こう、幽霊…?みたいな、透けてる感じがする。」


 幽霊…実際に見たことはないが、心霊番組でやっているものは大抵薄くて透けている。

 言い表せないが、なんとなくでの感覚は掴めた。


「奇病…神使様と言うとやはり身体面の異常を考えるが…四季さんの場合は脳なのか?もしくは目…?いや、目も脳の内か…。精神的なものは今まで発見されていないしな…。」

「あはは、どっちにも該当しないって。春瀬くん、お医者さんみたいなこと言うのね。」


 お腹を抱えて笑う彼女を黙って見つめる。

 余命宣告もされたのに…、怖くないのか?


「その、今はどう見えているんだ?」

「今は、私自身との関わりがない人は薄く見えるな。薄く、というより薄っすらかなぁ。」

 関わりがない人…ならば俺はとっくに見えてないのでは?

「それなら、どうして俺が見えるんだ?」

「おー!言われてみれば、私たち話した事ないね!」

 握手しよ握手!と手を差し出してくる。

 陽キャはこんな感じなのか…?

 一応手を握り返しとく、さっきもした気がするな。

「あれ、さっきもしたね〜」

 …記憶力には問題はなさそうだ。


「そうだな。…その場合、"関わりがない人"というよりは"記憶に残っていない人"が合っているんじゃないか?」

「記憶に残っていない人…?」

「人間の記憶力は結構弱い…短いんだ。20分後には4割、1時間後には6割…そして1日後には7割を忘れている。これは、『エビングハウスの忘却曲線』と呼ばれていて、心理学者のヘルマン・エビングハウスによって証明された人間の脳の忘れるしくみなんだ。ヘルマン・エビングハウスは初めて学習曲線に言及した人物で…。あ、話が逸れたな…すまない。」

 気が付いたらペラペラと話してしまっていた。

 流石に気持ち悪かっただろう。


「え?春瀬くんの話、私が思いつかない事ばっかりだから面白いよ!!」

 他の人なら信じられないが、終始ニコニコしていた彼女が言うのなら、きっとそうなのだろう。


 …だが、だからといって信用してはいけない。


 ギュッと口を結ぶ。

 警戒心に似た何かを悟られないよう口を開く。

 今、この瞬間、何かに気がついたように演じろ。


 いや、それなら、と質問を投げかけた。

「余命宣告はどうやって計算したんだ?…というより、人がいなくなる…忘れるのなら身体面に影響は出ないのでは?」

「確か、私の症状の進行度と神使様の平均余命から。

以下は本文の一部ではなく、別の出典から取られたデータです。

(* Let $\mathbb{F}$ be a field of characteristic $2$. The voltage assignment $\ell$ on $\widetilde H_3(\mathbb{F})$ is reductive, i.e. for all vertices $u,v,w$ of $\widetilde H_3(\mathbb{F})$ with $u\sim v$ and $v\perp w$ we have $\ell(w,u)=\ell(w,v)$.
   Context: Let $V=\mathbb{F}^4$, $V^*$ its dual. $\widetilde H_3(\mathbb{F})$ is the graph whose vertices are tensors $v\otimes f\in V\otimes V^*$ with $f(v)\neq0$, with $v\otimes f\perp w\otimes g$ iff $f(w)=g(v)=0$; $u\sim v$ means $u,v$ have the same neighbours. Let $W=\bigwedge^2V$, fix an isomorphism $\chi:\bigwedge^4V\to\mathbb{F}$, identify $\bigwedge^2V^*$ with $(\bigwedge^2V)^*$ via $(f_1\wedge f_2)(v_1\wedge v_2)=f_1(v_1)f_2(v_2)-f_1(v_2)f_2(v_1)$, let $\psi:\bigwedge^2V\to\bigwedge^2V^*$ be $\psi(\hat w)(\hat v)=\chi(\hat v\wedge\hat w)$ and $\phi=\psi^{-1}$. $S_2(W)$ is the symmetric square of $W$ (product $ab$). $\ell$ assigns to the dart from $v_1\otimes h_1$ to $v_2\otimes h_2$ the element $h_1(v_1)^{-1}h_2(v_2)^{-1}(v_1\wedge v_2)\,\phi(h_1\wedge h_2)$ of the additive group $S_2(W)$. *)

theory Defs
  imports "HOL-Analysis.Analysis" "HOL-Library.Numeral_Type"
begin

text \<open>Coordinates: V = F^4 is 'a^4 with standard basis e_0..e_3, V* is 'a^4 with the
dual basis, so f(v) is the sum of the products of coordinates.\<close>

definition dapp :: "'a::field ^ 4 \<Rightarrow> 'a ^ 4 \<Rightarrow> 'a" where
  "dapp f v = (\<Sum>i\<in>UNIV. f $ i * v $ i)"

text \<open>Vertices of the graph: tensors v (x) f with f(v) nonzero, given by a representative (v,f).
Orthogonality (adjacency): f(w) = 0 and g(v) = 0.\<close>

definition is_vertex :: "('a::field ^ 4) \<times> ('a ^ 4) \<Rightarrow> bool" where
  "is_vertex x = (dapp (snd x) (fst x) \<noteq> 0)"

definition perp :: "('a::field ^ 4) \<times> ('a ^ 4) \<Rightarrow> ('a ^ 4) \<times> ('a ^ 4) \<Rightarrow> bool" where
  "perp x y = (dapp (snd x) (fst y) = 0 \<and> dapp (snd y) (fst x) = 0)"

definition same_nbhd :: "('a::field ^ 4) \<times> ('a ^ 4) \<Rightarrow> ('a ^ 4) \<times> ('a ^ 4) \<Rightarrow> bool" where
  "same_nbhd x y = (\<forall>z. is_vertex z \<longrightarrow> (perp x z \<longleftrightarrow> perp y z))"

text \<open>W = wedge^2 V, in coordinates w.r.t. the basis e_i wedge e_j (i<j); an element is an
alternating function on index pairs (value at (i,j), i<j, is the coordinate).
The same coordinates describe wedge^2 V* w.r.t. the basis e^i wedge e^j, which under the
stated pairing is exactly the dual basis of the e_i wedge e_j.\<close>

definition alt2 :: "(4 \<times> 4 \<Rightarrow> 'a::field) \<Rightarrow> bool" where
  "alt2 a = (\<forall>i j. a (i, j) = - a (j, i) \<and> a (i, i) = 0)"

definition wedge2 :: "'a::field ^ 4 \<Rightarrow> 'a ^ 4 \<Rightarrow> (4 \<times> 4 \<Rightarrow> 'a)" where
  "wedge2 v w = (\<lambda>(i, j). v $ i * w $ j - v $ j * w $ i)"

definition pair2 :: "(4 \<times> 4 \<Rightarrow> 'a::field) \<Rightarrow> (4 \<times> 4 \<Rightarrow> 'a) \<Rightarrow> 'a" where
  "pair2 \<alpha> a = (\<Sum>p\<in>{(i, j). i < j}. \<alpha> p * a p)"

definition basis4 :: "4 \<Rightarrow> 'a::field ^ 4" where
  "basis4 i = (\<chi> k. if k = i then 1 else 0)"

text \<open>Coefficient of e_0 wedge e_1 wedge e_2 wedge e_3 in a wedge b, for a, b in wedge^2 V.\<close>

definition wedge4 :: "(4 \<times> 4 \<Rightarrow> 'a::field) \<Rightarrow> (4 \<times> 4 \<Rightarrow> 'a) \<Rightarrow> 'a" where
  "wedge4 a b =
     a (0,1) * b (2,3) - a (0,2) * b (1,3) + a (0,3) * b (1,2)
   + a (1,2) * b (0,3) - a (1,3) * b (0,2) + a (2,3) * b (0,1)"

text \<open>The isomorphism chi : wedge^4 V -> F is determined by the nonzero scalar
c = chi(e_0 wedge e_1 wedge e_2 wedge e_3); psi(w)(v) = chi(v wedge w), written in the
coordinates of wedge^2 V* (dual basis), and phi is the inverse of psi.\<close>

definition psi :: "'a::field \<Rightarrow> (4 \<times> 4 \<Rightarrow> 'a) \<Rightarrow> (4 \<times> 4 \<Rightarrow> 'a)" where
  "psi c w = (\<lambda>(i, j). c * wedge4 (wedge2 (basis4 i) (basis4 j)) w)"

definition phi :: "'a::field \<Rightarrow> (4 \<times> 4 \<Rightarrow> 'a) \<Rightarrow> (4 \<times> 4 \<Rightarrow> 'a)" where
  "phi c \<alpha> = (THE w. alt2 w \<and> psi c w = \<alpha>)"

text \<open>S_2(W): an element is given by its coordinates w.r.t. the basis {b_p b_q} (p <= q) of
monomials in the basis b_p = e_i wedge e_j of W; we store the coefficient of b_p b_q
symmetrically at (p,q) and (q,p), and 0 off the index set.  This is valid in every
characteristic (in particular characteristic 2).\<close>

definition idx2 :: "(4 \<times> 4) set" where
  "idx2 = {(i, j). i < j}"

definition sprod :: "(4 \<times> 4 \<Rightarrow> 'a::field) \<Rightarrow> (4 \<times> 4 \<Rightarrow> 'a) \<Rightarrow> (4 \<times> 4) \<times> (4 \<times> 4) \<Rightarrow> 'a" where
  "sprod a b = (\<lambda>(p, q). if p \<in> idx2 \<and> q \<in> idx2 then
                   (if p = q then a p * b p else a p * b q + a q * b p) else 0)"

definition voltage :: "'a::field \<Rightarrow> ('a ^ 4) \<times> ('a ^ 4) \<Rightarrow> ('a ^ 4) \<times> ('a ^ 4)
                        \<Rightarrow> (4 \<times> 4) \<times> (4 \<times> 4) \<Rightarrow> 'a" where
  "voltage c x y = (\<lambda>r. inverse (dapp (snd x) (fst x)) * inverse (dapp (snd y) (fst y)) *
      sprod (wedge2 (fst x) (fst y)) (phi c (wedge2 (snd x) (snd y))) r)"

end

theory Submission
  imports Defs
begin

text \<open>Two vertices with the same neighbourhood are rescalings of one another: the kernel of
one functional lies in the kernel of the other, so the functionals are proportional, and dually
so are the vectors.  The voltage of a dart is invariant under rescaling the vector and the
functional of its target by nonzero scalars a and b: the wedge products pick up the factors
a and b, which the normalising factor 1/f(v) of the target v \<otimes> f cancels.\<close>

lemma dapp_commute: "dapp f v = dapp v f"
  by (simp add: dapp_def mult.commute)

lemma dapp_diff_right: "dapp f (x - y) = dapp f x - dapp f y"
  by (simp add: dapp_def algebra_simps sum_subtractf)

lemma dapp_scale_right: "dapp f (a *s x) = a * dapp f x"
  by (simp add: dapp_def sum_distrib_left algebra_simps)

lemma dapp_scale_left: "dapp (a *s f) x = a * dapp f x"
  by (simp add: dapp_def sum_distrib_left algebra_simps)

lemma dapp_zero_right [simp]: "dapp f 0 = 0"
  by (simp add: dapp_def)

lemma dapp_basis4: "dapp f (basis4 i) = f $ i"
  by (simp add: dapp_def basis4_def if_distrib cong: if_cong)

lemma exists_dapp_separating:
  fixes f v w :: "'a::field ^ 4"
  assumes "dapp f v \<noteq> 0" and "w \<noteq> 0" and "dapp f w = 0"
  shows "\<exists>g. dapp g v = 0 \<and> dapp g w \<noteq> 0"
proof -
  \<comment> \<open>w is no multiple of v, so some 2 \<times> 2 minor of (v, w) is nonzero; the functional
    x \<mapsto> v$i * x$j - v$j * x$i of that minor separates v from w.\<close>
  have "\<exists>i j. v$i * w$j - v$j * w$i \<noteq> 0"
  proof (rule ccontr)
    assume "\<not> ?thesis"
    then have minors: "v$i * w$j = v$j * w$i" for i j
      by auto
    have "dapp f v * w$i = dapp f w * v$i" for i
    proof -
      have "dapp f v * w$i = (\<Sum>k\<in>UNIV. f$k * (v$k * w$i))"
        unfolding dapp_def by (simp add: sum_distrib_right mult.assoc)
      also have "\<dots> = (\<Sum>k\<in>UNIV. f$k * (w$k * v$i))"
        using minors by (metis mult.commute)
      also have "\<dots> = dapp f w * v$i"
        unfolding dapp_def by (simp add: sum_distrib_right mult.assoc)
      finally show ?thesis .
    qed
    then have "w = 0"
      using assms(1,3) by (simp add: vec_eq_iff)
    then show False
      using assms(2) by simp
  qed
  then obtain i j where minor: "v$i * w$j - v$j * w$i \<noteq> 0"
    by blast
  then have "i \<noteq> j"
    by auto
  define g where "g = (\<chi> k. if k = j then v$i else if k = i then - v$j else 0)"
  have dapp_g: "dapp g x = v$i * x$j - v$j * x$i" for x
  proof -
    have "dapp g x = (\<Sum>k\<in>UNIV. (if k = j then v$i * x$k else 0) + (if k = i then - v$j * x$k else 0))"
      unfolding dapp_def g_def using \<open>i \<noteq> j\<close> by (intro sum.cong) auto
    then show ?thesis
      by (simp add: sum.distrib)
  qed
  show ?thesis
    using minor by (intro exI[of _ g]) (simp add: dapp_g mult.commute)
qed

lemma kernel_subset_imp_proportional:
  fixes f1 v1 f2 :: "'a::field ^ 4"
  assumes "dapp f1 v1 \<noteq> 0" and "\<And>x. dapp f1 x = 0 \<Longrightarrow> dapp f2 x = 0"
  shows "f2 = (dapp f2 v1 / dapp f1 v1) *s f1"
proof -
  have "f2$i = (dapp f2 v1 / dapp f1 v1) * f1$i" for i
  proof -
    define x where "x = basis4 i - (f1$i / dapp f1 v1) *s v1"
    have "dapp f1 x = 0"
      using assms(1) by (simp add: x_def dapp_diff_right dapp_scale_right dapp_basis4)
    then have "dapp f2 x = 0"
      by (rule assms(2))
    then show ?thesis
      using assms(1) by (simp add: x_def dapp_diff_right dapp_scale_right dapp_basis4 field_simps)
  qed
  then show ?thesis
    by (simp add: vec_eq_iff)
qed

lemma same_nbhd_swap: "same_nbhd (prod.swap x) (prod.swap y) \<longleftrightarrow> same_nbhd x y"
proof -
  have "perp (prod.swap x) z \<longleftrightarrow> perp x (prod.swap z)"
    and "is_vertex (prod.swap z) \<longleftrightarrow> is_vertex z" for x z :: "('a ^ 4) \<times> ('a ^ 4)"
    by (simp_all add: perp_def is_vertex_def dapp_commute conj_commute)
  then show ?thesis
    unfolding same_nbhd_def by (metis swap_swap)
qed

lemma same_nbhd_kernel_subset:
  assumes "is_vertex (v1, f1)" and "same_nbhd (v1, f1) (v2, f2)" and "dapp f1 y = 0"
  shows "dapp f2 y = 0"
proof (cases "y = 0")
  case False
  then obtain g where "dapp g v1 = 0" and "dapp g y \<noteq> 0"
    using exists_dapp_separating assms(1,3) by (metis is_vertex_def fst_conv snd_conv)
  then have "is_vertex (y, g)" and "perp (v1, f1) (y, g)"
    using assms(3) by (simp_all add: is_vertex_def perp_def)
  then have "perp (v2, f2) (y, g)"
    using assms(2) by (simp add: same_nbhd_def)
  then show ?thesis
    by (simp add: perp_def)
qed simp

lemma same_nbhd_proportional:
  assumes "is_vertex (v1, f1)" and "same_nbhd (v1, f1) (v2, f2)"
  shows "\<exists>a b. v2 = a *s v1 \<and> f2 = b *s f1"
proof -
  have swapped: "is_vertex (f1, v1)" "same_nbhd (f1, v1) (f2, v2)"
    using assms same_nbhd_swap[of "(v1, f1)" "(v2, f2)"]
    by (simp_all add: is_vertex_def dapp_commute)
  have "v2 = (dapp v2 f1 / dapp v1 f1) *s v1"
    using swapped(1) same_nbhd_kernel_subset[OF swapped]
    unfolding is_vertex_def fst_conv snd_conv by (rule kernel_subset_imp_proportional)
  moreover have "f2 = (dapp f2 v1 / dapp f1 v1) *s f1"
    using assms(1) same_nbhd_kernel_subset[OF assms]
    unfolding is_vertex_def fst_conv snd_conv by (rule kernel_subset_imp_proportional)
  ultimately show ?thesis
    by blast
qed

lemma all_4_from_0: "(\<forall>i::4. P i) \<longleftrightarrow> P 0 \<and> P 1 \<and> P 2 \<and> P 3"
proof -
  have "i = 0 \<or> i = 1 \<or> i = 2 \<or> i = 3" for i :: 4
    using exhaust_4[of i] by auto
  then show ?thesis
    by metis
qed

lemma psi_values:
  "psi c w (0,0) = 0" "psi c w (0,1) = c * w (2,3)" "psi c w (0,2) = - c * w (1,3)" "psi c w (0,3) = c * w (1,2)"
  "psi c w (1,0) = - c * w (2,3)" "psi c w (1,1) = 0" "psi c w (1,2) = c * w (0,3)" "psi c w (1,3) = - c * w (0,2)"
  "psi c w (2,0) = c * w (1,3)" "psi c w (2,1) = - c * w (0,3)" "psi c w (2,2) = 0" "psi c w (2,3) = c * w (0,1)"
  "psi c w (3,0) = - c * w (1,2)" "psi c w (3,1) = c * w (0,2)" "psi c w (3,2) = - c * w (0,1)" "psi c w (3,3) = 0"
  by (simp_all add: psi_def wedge4_def wedge2_def basis4_def)

lemma alt2_psi: "alt2 (psi c w)"
  unfolding alt2_def all_4_from_0 by (simp add: psi_values)

lemma psi_psi:
  assumes "alt2 w"
  shows "psi c (psi d w) = (\<lambda>p. c * d * w p)"
proof -
  have antisym: "w (j, i) = - w (i, j)" and diag: "w (i, i) = 0" for i j
    using assms unfolding alt2_def by (metis minus_minus)+
  have lower: "w (1,0) = - w (0,1)" "w (2,0) = - w (0,2)" "w (3,0) = - w (0,3)"
    "w (2,1) = - w (1,2)" "w (3,1) = - w (1,3)" "w (3,2) = - w (2,3)"
    by (rule antisym)+
  have "\<forall>i j. psi c (psi d w) (i,j) = c * d * w (i,j)"
    unfolding all_4_from_0 by (simp only: psi_values) (simp add: diag lower)
  then show ?thesis
    by (auto simp: fun_eq_iff)
qed

lemma phi_eq_psi_inverse:
  assumes "c \<noteq> 0" and "alt2 \<alpha>"
  shows "phi c \<alpha> = psi (inverse c) \<alpha>"
  unfolding phi_def
proof (rule the_equality)
  show "alt2 (psi (inverse c) \<alpha>) \<and> psi c (psi (inverse c) \<alpha>) = \<alpha>"
    using psi_psi[OF assms(2)] assms(1) by (simp add: alt2_psi)
next
  fix w
  assume "alt2 w \<and> psi c w = \<alpha>"
  then show "w = psi (inverse c) \<alpha>"
    using psi_psi[of w "inverse c" c] assms(1) by auto
qed

lemma alt2_wedge2: "alt2 (wedge2 x y)"
  by (auto simp: alt2_def wedge2_def)

lemma wedge2_scale_right: "wedge2 x (a *s y) = (\<lambda>p. a * wedge2 x y p)"
  by (auto simp: wedge2_def fun_eq_iff algebra_simps)

lemma psi_scale: "psi c (\<lambda>p. b * w p) = (\<lambda>p. b * psi c w p)"
  by (auto simp: psi_def wedge4_def algebra_simps fun_eq_iff)

lemma phi_wedge2_scale_right:
  assumes "c \<noteq> 0"
  shows "phi c (wedge2 x (b *s y)) = (\<lambda>p. b * phi c (wedge2 x y) p)"
proof -
  have "phi c (wedge2 x (b *s y)) = psi (inverse c) (wedge2 x (b *s y))"
    by (rule phi_eq_psi_inverse[OF assms alt2_wedge2])
  also have "\<dots> = (\<lambda>p. b * psi (inverse c) (wedge2 x y) p)"
    by (simp add: wedge2_scale_right psi_scale)
  also have "\<dots> = (\<lambda>p. b * phi c (wedge2 x y) p)"
    by (simp add: phi_eq_psi_inverse[OF assms alt2_wedge2])
  finally show ?thesis .
qed

lemma sprod_scale: "sprod (\<lambda>p. a * x p) (\<lambda>p. b * y p) r = a * b * sprod x y r"
  by (cases r) (auto simp: sprod_def algebra_simps)

lemma voltage_scale_target:
  assumes "c \<noteq> 0" and "a \<noteq> 0" and "b \<noteq> 0"
  shows "voltage c x (a *s v, b *s f) = voltage c x (v, f)"
proof
  fix r
  have "dapp (b *s f) (a *s v) = a * b * dapp f v"
    by (simp add: dapp_scale_left dapp_scale_right)
  then show "voltage c x (a *s v, b *s f) r = voltage c x (v, f) r"
    unfolding voltage_def fst_conv snd_conv phi_wedge2_scale_right[OF assms(1)]
    unfolding wedge2_scale_right sprod_scale
    using assms by (simp add: field_simps)
qed

theorem lemma3p7:
  fixes c :: "'a::field"
    and u v w :: "('a ^ 4) \<times> ('a ^ 4)"
  assumes "CHAR('a) = 2"
    and "c \<noteq> 0"
    and "is_vertex u" and "is_vertex v" and "is_vertex w"
    and "same_nbhd u v"
    and "perp v w"
  shows "voltage c w u = voltage c w v"
proof -
  obtain v1 f1 v2 f2 where u: "u = (v1, f1)" and v: "v = (v2, f2)"
    by fastforce
  then obtain a b where v2: "v2 = a *s v1" and f2: "f2 = b *s f1"
    using same_nbhd_proportional assms(3,6) by blast
  have "a * b * dapp f1 v1 \<noteq> 0"
    using assms(4) by (simp add: v v2 f2 is_vertex_def dapp_scale_left dapp_scale_right)
  then have "a \<noteq> 0" and "b \<noteq> 0"
    by auto
  with assms(2) have "voltage c w (a *s v1, b *s f1) = voltage c w (v1, f1)"
    by (rule voltage_scale_target)
  then show ?thesis
    unfolding u v v2 f2 by (rule sym)
qed

end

神使様の中では早めだよね。身体面…か、症状が重くなっていくたびにこう、気力というか、精力が無くなっていくらしいよ。いっぱい検査して分かったんだけどね…まだ実感は無いかな。」


 そう言って彼女は口元だけで微笑む。

 綺麗なのに下手くそな笑顔だ。

 嘘をつくのが苦手なんだろう。

 俺と違って。


「…怖く、ないのか?」

「んー。怖いかどうか、って言われたら…やっぱり怖いかなぁ。だから春瀬くんに話しかけてみたの。」

 憂いを含んだ瞳で彼女は微笑んだ。

 泣きそうな、と言った方が良いのかもしれない笑みだった。


 俺に希望を持って欲しくなかった。

 クラスメイトAでよかった。

 一刻も早く、純粋な瞳で言う彼女から目を逸らしたかった。


「やっぱり、思った通りの人だったよ。」

「…そりゃあそうだろ。幻滅したろ?」

 自虐的に言ったのに、彼女は目を丸くして

「え?そんなわけないじゃない。春瀬くんは、私が憧れていたはるくん、そのままだったよ。」


 “そのまま”…か。


『悠くんはそのまんまが、いっちばん!かっこいいよ!!』


『昔のお前、そのままだったら…絶対…絶対に!!そんなこと言わなかった…!なんで、なんで…!』


 ザーザーとノイズか雨音か分からない音が響く。


 あぁ、そっか、


「そっか、ならよかった。」

 打ち明ける彼女に、偽りの仮面で笑っている自分がいる。

 彼女のせいではないのに、何故か絶望してしまっている最低な自分が居る。


 それでも、彼女は憧れていたのだろうか?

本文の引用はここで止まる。